Beijing’s foreign affairs office in Hong Kong said on Thursday that China had “diplomatic authority” to retaliate over what it saw as a suppression of Chinese media outlets in the US. The office told the Foreign Correspondents’ Club (FCC) to “distinguish right from wrong,” after the club said journalists in the city were facing “highly unusual” delays in work visa applications.
In a statement issued on Thursday, the Office of the Commissioner of the Ministry of Foreign Affairs in Hong Kong accused Washington of ramping up “political suppression” of Chinese media outlets. The office said actions taken by the US had disrupted normal journalistic activities and were motivated by a “Cold War mentality” and “ideological biases.”
“While proclaiming itself as a champion of the freedom of the press, the US keeps obstructing Chinese media from doing their job, laying bare its hypocrisy, double standards and hegemonic bullying,” the statement read.
Most western media outlets are censored in mainland China, where foreign reporters often face visa denials, surveillance and harrassment.
Beijing warned that, if the US insisted on “going down the wrong path,” China will take countermeasures to safeguard its rights and interests. It added that press freedom and freedom of speech would be protected under Hong Kong’s national security law, but such freedoms should be exercised within legal boundaries.

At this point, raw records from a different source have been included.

(* Let $p\ge2$ be an integer, $R\ge1$, $A\in GL_r(\mathbb{C}((z)))$, $C,C'\in I+z^RM_r(\mathbb{C}[[z]])$ and $A_0,A_0'\in GL_r(\mathbb{C})$ with $$A_0=C(z/p)^{-1}A(z)C(z),\qquad A_0'=C'(z/p)^{-1}A(z)C'(z).$$ Then $A_0=A_0'$. If for no integer $i\ge R$ is $p^i$ an eigenvalue of the linear map $X\mapsto A_0^{-1}XA_0$ on $M_r(\mathbb{C})$, then $C=C'$. This last condition holds with $R=1$ if $A_0$ is $p$-restricted.
   Context: $A_0$ is $p$-restricted if all its eigenvalues $c$ satisfy $1\le|c|<p$. *)

theory Defs
  imports "HOL-Analysis.Analysis" "HOL-Computational_Algebra.Formal_Laurent_Series"
begin

definition mat_map :: "('a \<Rightarrow> 'b) \<Rightarrow> 'a^'n^'m \<Rightarrow> 'b^'n^'m" where
  "mat_map f M = (\<chi> i j. f (M $ i $ j))"

(* substitution z \<mapsto> c z in a formal power series: f(cz) *)
definition fps_scale :: "complex \<Rightarrow> complex fps \<Rightarrow> complex fps" where
  "fps_scale c f = Abs_fps (\<lambda>n. c ^ n * fps_nth f n)"

definition in_I_plus_zR :: "nat \<Rightarrow> complex fps^'n^'n \<Rightarrow> bool" where
  "in_I_plus_zR R C \<longleftrightarrow> (\<forall>i j. \<forall>k<R. fps_nth ((C - mat 1) $ i $ j) k = 0)"

definition conj_map_eigenvalue :: "complex^'n^'n \<Rightarrow> complex \<Rightarrow> bool" where
  "conj_map_eigenvalue A0 c \<longleftrightarrow>
     (\<exists>X::complex^'n^'n. X \<noteq> 0 \<and> matrix_inv A0 ** X ** A0 = (\<chi> i j. c * X $ i $ j))"

definition mat_eigenvalue :: "complex^'n^'n \<Rightarrow> complex \<Rightarrow> bool" where
  "mat_eigenvalue M c \<longleftrightarrow> (\<exists>v. v \<noteq> 0 \<and> M *v v = c *s v)"

definition p_restricted :: "nat \<Rightarrow> complex^'n^'n \<Rightarrow> bool" where
  "p_restricted p M \<longleftrightarrow> (\<forall>c. mat_eigenvalue M c \<longrightarrow> 1 \<le> cmod c \<and> cmod c < real p)"

end

theory Submission
  imports Defs "HOL-Computational_Algebra.Fundamental_Theorem_Algebra"
begin

(*
  Since C and C' are invertible power series matrices, D = C'^-1 C is a power series matrix
  with constant term I, and the two gauge equations combine to D(z/p) A0 = A0' D(z).
  Comparing coefficients of z^n gives p^-n D_n A0 = A0' D_n: for n = 0 this is A0 = A0',
  and for n > 0 it says that a nonzero D_n is an eigenvector of X |-> A0^-1 X A0 for p^n.
  As C = C' = I mod z^R, also D = I mod z^R, so under the eigenvalue hypothesis D = I.

  If A0^-1 X A0 = c X, then X A0 = (c A0) X. For p-restricted A0 and |c| >= p the spectra
  of A0 and c A0 are disjoint, which forces X = 0 (Sylvester): if f is an annihilating
  polynomial of A0 of minimal degree, all its roots are eigenvalues of A0, so every
  linear factor of f(c A0) is injective, while f(c A0) X = X f(A0) = 0.
*)

section \<open>Matrices over rings\<close>

lemma mat_map_nth [simp]: "mat_map f M $ i $ j = f (M $ i $ j)"
  by (simp add: mat_map_def)

lemma mat_map_mat_map: "mat_map f (mat_map g M) = mat_map (\<lambda>x. f (g x)) M"
  by (simp add: vec_eq_iff)

lemma mat_mult_left: "mat a ** M = (\<chi> i j. a * M $ i $ j)" for M :: "'a::semiring_1^'n^'m"
  by (simp add: mat_def matrix_matrix_mult_def vec_eq_iff if_distrib if_distribR sum.delta
      cong: if_cong)

lemma mat_mult_comm: "mat a ** M = M ** mat a" for M :: "'a::comm_semiring_1^'n^'m"
  by (simp add: mat_def matrix_matrix_mult_def vec_eq_iff if_distrib if_distribR sum.delta
      sum.delta' mult.commute cong: if_cong)

lemma matrix_mult_mat_commute: "A ** (mat a ** B) = mat a ** (A ** B)"
  for A B :: "'a::comm_semiring_1^'n^'n"
  by (metis matrix_mul_assoc mat_mult_comm)

lemma mat_mult_mat: "mat a ** mat b = (mat (a * b) :: 'a::semiring_1^'n^'n)"
  unfolding mat_mult_left by (simp add: mat_def vec_eq_iff)

lemma mat_add: "mat (a + b) = (mat a + mat b :: 'a::monoid_add^'n^'n)"
  by (simp add: mat_def vec_eq_iff)

lemma matrix_mult_add_rdistrib: "(A + B) ** C = A ** C + B ** C"
  for A B :: "'a::semiring_1^'n^'m" and C :: "'a^'p^'n"
  by (simp add: matrix_matrix_mult_def vec_eq_iff sum.distrib distrib_right)

lemma matrix_mult_uminus_right: "A ** (- B) = - (A ** B)" for A B :: "'a::ring_1^'n^'n"
  by (simp add: matrix_matrix_mult_def vec_eq_iff sum_negf)

lemma matrix_inv_right: "invertible A \<Longrightarrow> A ** matrix_inv A = mat 1"
  and matrix_inv_left: "invertible A \<Longrightarrow> matrix_inv A ** A = mat 1"
  for A :: "'a::semiring_1^'n^'n"
  using someI_ex[of "\<lambda>B. A ** B = mat 1 \<and> B ** A = mat 1"]
  by (auto simp: invertible_def matrix_inv_def)

lemma matrix_inv_unique:
  fixes A :: "'a::semiring_1^'n^'n"
  assumes "A ** B = mat 1" "B ** A = mat 1"
  shows "matrix_inv A = B"
proof -
  have "invertible A" using assms invertible_def by blast
  then have "matrix_inv A = matrix_inv A ** (A ** B)" by (simp add: assms)
  also have "\<dots> = B" by (simp add: matrix_mul_assoc matrix_inv_left \<open>invertible A\<close>)
  finally show ?thesis .
qed

lemma invertible_iff_one_sided_inverses:
  fixes A :: "'a::semiring_1^'n^'n"
  shows "invertible A \<longleftrightarrow> (\<exists>B. A ** B = mat 1) \<and> (\<exists>L. L ** A = mat 1)"
proof safe
  fix B L assume "A ** B = mat 1" "L ** A = mat 1"
  then have "L = B" by (metis matrix_mul_assoc matrix_mul_lid matrix_mul_rid)
  with \<open>A ** B = mat 1\<close> \<open>L ** A = mat 1\<close> show "invertible A" by (auto simp: invertible_def)
qed (auto simp: invertible_def)

lemma invertible_transpose:
  fixes A :: "'a::comm_semiring_1^'n^'n"
  shows "invertible A \<Longrightarrow> invertible (transpose A)"
  by (metis invertible_def matrix_transpose_mul transpose_mat)

locale ring_1_hom =
  fixes hom :: "'a::ring_1 \<Rightarrow> 'b::ring_1"
  assumes hom_add: "hom (x + y) = hom x + hom y"
    and hom_mult: "hom (x * y) = hom x * hom y"
    and hom_one: "hom 1 = 1"
begin

lemma hom_zero: "hom 0 = 0"
  using hom_add[of 0 0] by simp

lemma hom_sum: "hom (sum f S) = (\<Sum>x\<in>S. hom (f x))"
  by (rule sum_comp_morphism[of hom, OF hom_zero hom_add, symmetric, unfolded o_def])

lemma mat_map_mult: "mat_map hom (M ** N) = mat_map hom M ** mat_map hom N"
  by (simp add: matrix_matrix_mult_def vec_eq_iff hom_sum hom_mult)

lemma mat_map_mat: "mat_map hom (mat a) = mat (hom a)"
  by (simp add: mat_def vec_eq_iff hom_zero)

lemma mat_map_matrix_inv:
  fixes M :: "'a^'n^'n"
  assumes "invertible M"
  shows "invertible (mat_map hom M)" "matrix_inv (mat_map hom M) = mat_map hom (matrix_inv M)"
proof -
  have "mat_map hom M ** mat_map hom (matrix_inv M) = mat 1"
    "mat_map hom (matrix_inv M) ** mat_map hom M = mat 1"
    by (simp_all flip: mat_map_mult add: matrix_inv_left[OF assms] matrix_inv_right[OF assms]
        mat_map_mat hom_one)
  then show "invertible (mat_map hom M)" "matrix_inv (mat_map hom M) = mat_map hom (matrix_inv M)"
    by (auto simp: invertible_def intro: matrix_inv_unique)
qed

end

section \<open>Matrices of formal power series\<close>

lemma fps_scale_conv_compose: "fps_scale c f = f oo (fps_const c * fps_X)"
  by (simp add: fps_scale_def fps_compose_linear)

interpretation fps_scale: ring_1_hom "fps_scale c"
  by unfold_locales (simp_all add: fps_scale_conv_compose fps_compose_add_distrib
      fps_compose_mult_distrib)

interpretation fps_to_fls: ring_1_hom "fps_to_fls :: 'a::comm_ring_1 fps \<Rightarrow> 'a fls"
  by unfold_locales (simp_all add: fls_times_fps_to_fls)

interpretation fps_scale_to_fls: ring_1_hom "\<lambda>f. fps_to_fls (fps_scale c f)"
  by unfold_locales (simp_all add: fps_scale.hom_add fps_scale.hom_mult fps_scale.hom_one
      fls_times_fps_to_fls)

definition mat_coeff :: "nat \<Rightarrow> 'a::zero fps^'n^'m \<Rightarrow> 'a^'n^'m" where
  "mat_coeff k M = (\<chi> i j. fps_nth (M $ i $ j) k)"

definition fps_matrix :: "(nat \<Rightarrow> 'a::zero^'n^'m) \<Rightarrow> 'a fps^'n^'m" where
  "fps_matrix F = (\<chi> i j. Abs_fps (\<lambda>k. F k $ i $ j))"

lemma mat_coeff_fps_matrix [simp]: "mat_coeff k (fps_matrix F) = F k"
  by (simp add: mat_coeff_def fps_matrix_def vec_eq_iff)

lemma fps_matrix_eqI: "(\<And>k. mat_coeff k M = mat_coeff k N) \<Longrightarrow> M = N"
  by (simp add: mat_coeff_def vec_eq_iff fps_eq_iff)

lemma mat_coeff_mult:
  "mat_coeff n (M ** N) = (\<Sum>k\<le>n. mat_coeff k M ** mat_coeff (n - k) N)"
  for M :: "'a::comm_semiring_1 fps^'n^'m" and N :: "'a fps^'p^'n"
  unfolding mat_coeff_def matrix_matrix_mult_def
  by (simp add: vec_eq_iff fps_sum_nth fps_mult_nth atLeast0AtMost sum_distrib_left
      sum.swap[of _ UNIV])

lemma mat_coeff_mat: "mat_coeff k (mat a) = mat (fps_nth a k)"
  by (simp add: mat_coeff_def mat_def vec_eq_iff)

lemma mat_coeff_diff: "mat_coeff k (M - N) = mat_coeff k M - mat_coeff k N"
  by (simp add: mat_coeff_def vec_eq_iff)

lemma mat_coeff_transpose: "mat_coeff k (transpose M) = transpose (mat_coeff k M)"
  by (simp add: mat_coeff_def transpose_def)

“[M]edia outlets are not free from law anywhere in the world,” it said.
The Chinese foreign ministry office’s remarks came shortly after the FCC called on China and the US to stop using work visas for journalists as a “weapon” in international disputes.
The club criticised Beijing as being “unfair and self-defeating” in holding reporters responsible for actions taken by US President Donald Trump’s administration. It also condemned the US for placing “punitive” restrictions on Chinese journalists whom they described as being singled out “unjustifiably.”
“This downward spiral of retaliatory actions aimed at journalists helps no one, not least of all the public that needs accurate, professionally produced information now more than ever,” the FCC wrote.
Multiple international outlets such as The New York Times, AFP, CNN, the Wall Street Journal, Bloomberg and the Financial Times have regional offices in Hong Kong. Last month, Chris Buckley of the New York Times was denied a visa without explanation and was forced to leave the city. The Times said it would shift a third of its staff in Hong Kong to Seoul, South Korea.
The Immigration Department has refused to explain the months-long hold-up in granting work visas to foreign journalists. The department told HKFP that the processing time of each application would depend on individual “merits and circumstances.”